Data excerpts START
lemma T_WF_gt_of_window_contrast:
  fixes X E :: "nat \<Rightarrow> 'a::{real_inner, complete_space}" and \<gamma> :: "nat \<Rightarrow> real"
  assumes X: "\<And>i. X i = \<mu> + \<gamma> i *\<^sub>R \<Delta> + E i"
    and psd: "psd_op C" and eig: "is_eigenvalue C l" and pd: "pd_op (C + l *\<^sub>R id_blinfun)"
    and m: "0 < m" "ka + m < n" "kb + m < n"
    and contrast: "c * real n \<le> \<bar>(\<Sum>i\<in>{ka<..ka + m}. \<gamma> i) - (\<Sum>i\<in>{kb<..kb + m}. \<gamma> i)\<bar>"
    and e: "0 \<le> e" "8 * sqrt (2 * e) * \<bar>K\<bar> \<le> c"
    and C_small: "norm C \<le> e * (real n * (norm \<Delta>)\<^sup>2)"
    and noise: "Max ((\<lambda>k. norm (\<Sum>i=1..k. E i)) ` {..n}) \<le> R * sqrt (real n)"
    and large: "8 * R < c * (sqrt (real n) * norm \<Delta>)"
  shows "K < T_WF n X C l"
proof (rule ccontr)
  assume "\<not> K < T_WF n X C l"
  then have T_le: "T_WF n X C l \<le> \<bar>K\<bar>" by linarith
  define u where "u = sqrt (real n) * norm \<Delta>"
  have n: "0 < sqrt (real n)" "2 \<le> n"
    using m by simp_all
  have "2 * norm C \<le> (sqrt (2 * e) * u)\<^sup>2"
    using C_small e(1) by (simp add: u_def power_mult_distrib)
  then have "sqrt (2 * norm C) \<le> sqrt ((sqrt (2 * e) * u)\<^sup>2)"
    by (rule real_sqrt_le_mono)
  also have "\<dots> = sqrt (2 * e) * u"
    using e(1) by (simp add: u_def)
  finally have C_le: "sqrt (2 * norm C) \<le> sqrt (2 * e) * u" .
  have "sqrt (real n) * (c * u) = c * real n * norm \<Delta>"
    by (simp add: u_def algebra_simps)
  also have "\<dots> \<le> \<bar>(\<Sum>i\<in>{ka<..ka + m}. \<gamma> i) - (\<Sum>i\<in>{kb<..kb + m}. \<gamma> i)\<bar> * norm \<Delta>"
    using contrast by (rule mult_right_mono) simp
  also have "\<dots> \<le> 4 * (sqrt (real n) * (sqrt (2 * norm C) * T_WF n X C l)
      + Max ((\<lambda>k. norm (\<Sum>i=1..k. E i)) ` {..n}))"
    by (rule window_contrast_le_T_WF[where X = X and E = E and \<gamma> = \<gamma>, OF X psd eig pd m])
  also have "\<dots> \<le> 4 * (sqrt (real n) * (sqrt (2 * norm C) * T_WF n X C l) + R * sqrt (real n))"
    using noise by simp
  also have "\<dots> \<le> 4 * (sqrt (real n) * (sqrt (2 * e) * u * \<bar>K\<bar>) + R * sqrt (real n))"
  proof -
    have "sqrt (2 * norm C) * T_WF n X C l \<le> sqrt (2 * e) * u * \<bar>K\<bar>"
      by (rule mult_mono[OF C_le T_le]) (use e(1) in \<open>simp_all add: u_def T_WF_nonneg[OF n(2)]\<close>)
    then show ?thesis
      using n(1) by (simp add: mult_left_mono)
  qed
  also have "\<dots> = sqrt (real n) * (4 * (sqrt (2 * e) * u * \<bar>K\<bar>) + 4 * R)"
    by (simp add: algebra_simps)
  finally have "c * u \<le> 4 * (sqrt (2 * e) * u * \<bar>K\<bar>) + 4 * R"
    using n(1) by simp
  moreover have "8 * (sqrt (2 * e) * u * \<bar>K\<bar>) \<le> c * u"
    using mult_right_mono[OF e(2), of u] by (simp add: u_def mult_ac)
  ultimately show False
    using large by (simp add: u_def)
qed

section \<open>Windows of the drift profile\<close>

lemma continuous_on_convex_constant_from_interior:
  fixes g :: "'a::euclidean_space \<Rightarrow> 'b::t1_space"
  assumes I: "convex I" "interior I \<noteq> {}" and g: "continuous_on I g"
    and const: "\<And>u. u \<in> interior I \<Longrightarrow> g u = c" and t: "t \<in> I"
  shows "g t = c"
proof -
  obtain T where T: "closed T" "{x \<in> I. g x = c} = I \<inter> T"
    using continuous_closedin_preimage_constant[OF g, of c] by (auto simp: closedin_closed)
  have "interior I \<subseteq> T"
    using T(2) const interior_subset by blast
  then have "closure I \<subseteq> T"
    using closure_minimal[OF _ T(1)] convex_closure_interior[OF I] by metis
  then show ?thesis
    using T(2) t closure_subset by blast
qed

lemma piecewise_continuous_01_continuity_points:
  fixes g :: "real \<Rightarrow> real"
  assumes pc: "piecewise_continuous_01 g" and nc: "\<exists>s\<in>{0..1}. \<exists>t\<in>{0..1}. g s \<noteq> g t"
  obtains a b where "a \<in> {0<..<1}" "b \<in> {0<..<1}" "isCont g a" "isCont g b" "g a \<noteq> g b"
proof -
  obtain Is where Is: "\<Union>Is = {0..1}"
    "\<And>I. I \<in> Is \<Longrightarrow> is_interval I \<and> interior I \<noteq> {} \<and> continuous_on I g"
    using pc unfolding piecewise_continuous_01_def by blast
  have good: "u \<in> {0<..<1} \<and> isCont g u" if "I \<in> Is" "u \<in> interior I" for I u
  proof
    have "interior I \<subseteq> interior {0..1::real}"
      using Is(1) that(1) by (intro interior_mono) blast
    then show "u \<in> {0<..<1}"
      using that(2) by auto
    show "isCont g u"
      using Is(2)[OF that(1)] that(2) by (blast intro: continuous_on_interior)
  qed
  have "(0::real) \<in> \<Union>Is"
    using Is(1) by simp
  then obtain I0 where I0: "I0 \<in> Is"
    by blast
  obtain u0 where u0: "u0 \<in> interior I0"
    using Is(2)[OF I0] by blast
  show ?thesis
  proof (cases "\<exists>I\<in>Is. \<exists>u\<in>interior I. g u \<noteq> g u0")
    case True
    then obtain I u where u: "I \<in> Is" "u \<in> interior I" "g u \<noteq> g u0"
      by blast
    show ?thesis
      by (rule that[of u u0]) (use good[OF u(1,2)] good[OF I0 u0] u(3) in simp_all)
  next
    case False
    have "g t = g u0" if "t \<in> {0..1}" for t
    proof -
      have "t \<in> \<Union>Is"
        using Is(1) that by simp
      then obtain I where I: "I \<in> Is" "t \<in> I"
        by blast
      have const: "g u = g u0" if "u \<in> interior I" for u
        using False I(1) that by blast
      from Is(2)[OF I(1)] have "is_interval I" "interior I \<noteq> {}" "continuous_on I g"
        by simp_all
      from continuous_on_convex_constant_from_interior[OF is_interval_convex[OF this(1)] this(2,3) const I(2)]
      show ?thesis .
    qed
    moreover obtain s t where "s \<in> {0..1}" "t \<in> {0..1}" "g s \<noteq> g t"
      using nc by blast
    ultimately show ?thesis
      by simp
  qed
qed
Data excerpts END
**Directions for this task**
Copy each entry exactly. Omit none.

**Answer box**
lemma T_WF_gt_of_window_contrast:
  fixes X E :: "nat \<Rightarrow> 'a::{real_inner, complete_space}" and \<gamma> :: "nat \<Rightarrow> real"
  assumes X: "\<And>i. X i = \<mu> + \<gamma> i *\<^sub>R \<Delta> + E i"
    and psd: "psd_op C" and eig: "is_eigenvalue C l" and pd: "pd_op (C + l *\<^sub>R id_blinfun)"
    and m: "0 < m" "ka + m < n" "kb + m < n"
    and contrast: "c * real n \<le> \<bar>(\<Sum>i\<in>{ka<..ka + m}. \<gamma> i) - (\<Sum>i\<in>{kb<..kb + m}. \<gamma> i)\<bar>"
    and e: "0 \<le> e" "8 * sqrt (2 * e) * \<bar>K\<bar> \<le> c"
    and C_small: "norm C \<le> e * (real n * (norm \<Delta>)\<^sup>2)"
    and noise: "Max ((\<lambda>k. norm (\<Sum>i=1..k. E i)) ` {..n}) \<le> R * sqrt (real n)"
    and large: "8 * R < c * (sqrt (real n) * norm \<Delta>)"
  shows "K < T_WF n X C l"
proof (rule ccontr)
  assume "\<not> K < T_WF n X C l"
  then have T_le: "T_WF n X C l \<le> \<bar>K\<bar>" by linarith
  define u where "u = sqrt (real n) * norm \<Delta>"
  have n: "0 < sqrt (real n)" "2 \<le> n"
    using m by simp_all
  have "2 * norm C \<le> (sqrt (2 * e) * u)\<^sup>2"
    using C_small e(1) by (simp add: u_def power_mult_distrib)
  then have "sqrt (2 * norm C) \<le> sqrt ((sqrt (2 * e) * u)\<^sup>2)"
    by (rule real_sqrt_le_mono)
  also have "\<dots> = sqrt (2 * e) * u"
    using e(1) by (simp add: u_def)
  finally have C_le: "sqrt (2 * norm C) \<le> sqrt (2 * e) * u" .
  have "sqrt (real n) * (c * u) = c * real n * norm \<Delta>"
    by (simp add: u_def algebra_simps)
  also have "\<dots> \<le> \<bar>(\<Sum>i\<in>{ka<..ka + m}. \<gamma> i) - (\<Sum>i\<in>{kb<..kb + m}. \<gamma> i)\<bar> * norm \<Delta>"
    using contrast by (rule mult_right_mono) simp
  also have "\<dots> \<le> 4 * (sqrt (real n) * (sqrt (2 * norm C) * T_WF n X C l)
      + Max ((\<lambda>k. norm (\<Sum>i=1..k. E i)) ` {..n}))"
    by (rule window_contrast_le_T_WF[where X = X and E = E and \<gamma> = \<gamma>, OF X psd eig pd m])
  also have "\<dots> \<le> 4 * (sqrt (real n) * (sqrt (2 * norm C) * T_WF n X C l) + R * sqrt (real n))"
    using noise by simp
  also have "\<dots> \<le> 4 * (sqrt (real n) * (sqrt (2 * e) * u * \<bar>K\<bar>) + R * sqrt (real n))"
  proof -
    have "sqrt (2 * norm C) * T_WF n X C l \<le> sqrt (2 * e) * u * \<bar>K\<bar>"
      by (rule mult_mono[OF C_le T_le]) (use e(1) in \<open>simp_all add: u_def T_WF_nonneg[OF n(2)]\<close>)
    then show ?thesis
      using n(1) by (simp add: mult_left_mono)
  qed
  also have "\<dots> = sqrt (real n) * (4 * (sqrt (2 * e) * u * \<bar>K\<bar>) + 4 * R)"
    by (simp add: algebra_simps)
  finally have "c * u \<le> 4 * (sqrt (2 * e) * u * \<bar>K\<bar>) + 4 * R"
    using n(1) by simp
  moreover have "8 * (sqrt (2 * e) * u * \<bar>K\<bar>) \<le> c * u"
    using mult_right_mono[OF e(2), of u] by (simp add: u_def mult_ac)
  ultimately show False
    using large by (simp add: u_def)
qed

section \<open>Windows of the drift profile\<close>

lemma continuous_on_convex_constant_from_interior:
  fixes g :: "'a::euclidean_space \<Rightarrow> 'b::t1_space"
  assumes I: "convex I" "interior I \<noteq> {}" and g: "continuous_on I g"
    and const: "\<And>u. u \<in> interior I \<Longrightarrow> g u = c" and t: "t \<in> I"
  shows "g t = c"
proof -
  obtain T where T: "closed T" "{x \<in> I. g x = c} = I \<inter> T"
    using continuous_closedin_preimage_constant[OF g, of c] by (auto simp: closedin_closed)
  have "interior I \<subseteq> T"
    using T(2) const interior_subset by blast
  then have "closure I \<subseteq> T"
    using closure_minimal[OF _ T(1)] convex_closure_interior[OF I] by metis
  then show ?thesis
    using T(2) t closure_subset by blast
qed

lemma piecewise_continuous_01_continuity_points:
  fixes g :: "real \<Rightarrow> real"
  assumes pc: "piecewise_continuous_01 g" and nc: "\<exists>s\<in>{0..1}. \<exists>t\<in>{0..1}. g s \<noteq> g t"
  obtains a b where "a \<in> {0<..<1}" "b \<in> {0<..<1}" "isCont g a" "isCont g b" "g a \<noteq> g b"
proof -
  obtain Is where Is: "\<Union>Is = {0..1}"
    "\<And>I. I \<in> Is \<Longrightarrow> is_interval I \<and> interior I \<noteq> {} \<and> continuous_on I g"
    using pc unfolding piecewise_continuous_01_def by blast
  have good: "u \<in> {0<..<1} \<and> isCont g u" if "I \<in> Is" "u \<in> interior I" for I u
  proof
    have "interior I \<subseteq> interior {0..1::real}"
      using Is(1) that(1) by (intro interior_mono) blast
    then show "u \<in> {0<..<1}"
      using that(2) by auto
    show "isCont g u"
      using Is(2)[OF that(1)] that(2) by (blast intro: continuous_on_interior)
  qed
  have "(0::real) \<in> \<Union>Is"
    using Is(1) by simp
  then obtain I0 where I0: "I0 \<in> Is"
    by blast
  obtain u0 where u0: "u0 \<in> interior I0"
    using Is(2)[OF I0] by blast
  show ?thesis
  proof (cases "\<exists>I\<in>Is. \<exists>u\<in>interior I. g u \<noteq> g u0")
    case True
    then obtain I u where u: "I \<in> Is" "u \<in> interior I" "g u \<noteq> g u0"
      by blast
    show ?thesis
      by (rule that[of u u0]) (use good[OF u(1,2)] good[OF I0 u0] u(3) in simp_all)
  next
    case False
    have "g t = g u0" if "t \<in> {0..1}" for t
    proof -
      have "t \<in> \<Union>Is"
        using Is(1) that by simp
      then obtain I where I: "I \<in> Is" "t \<in> I"
        by blast
      have const: "g u = g u0" if "u \<in> interior I" for u
        using False I(1) that by blast
      from Is(2)[OF I(1)] have "is_interval I" "interior I \<noteq> {}" "continuous_on I g"
        by simp_all
      from continuous_on_convex_constant_from_interior[OF is_interval_convex[OF this(1)] this(2,3) const I(2)]
      show ?thesis .
    qed
    moreover obtain s t where "s \<in> {0..1}" "t \<in> {0..1}" "g s \<noteq> g t"
      using nc by blast
    ultimately show ?thesis
      by simp
  qed
qed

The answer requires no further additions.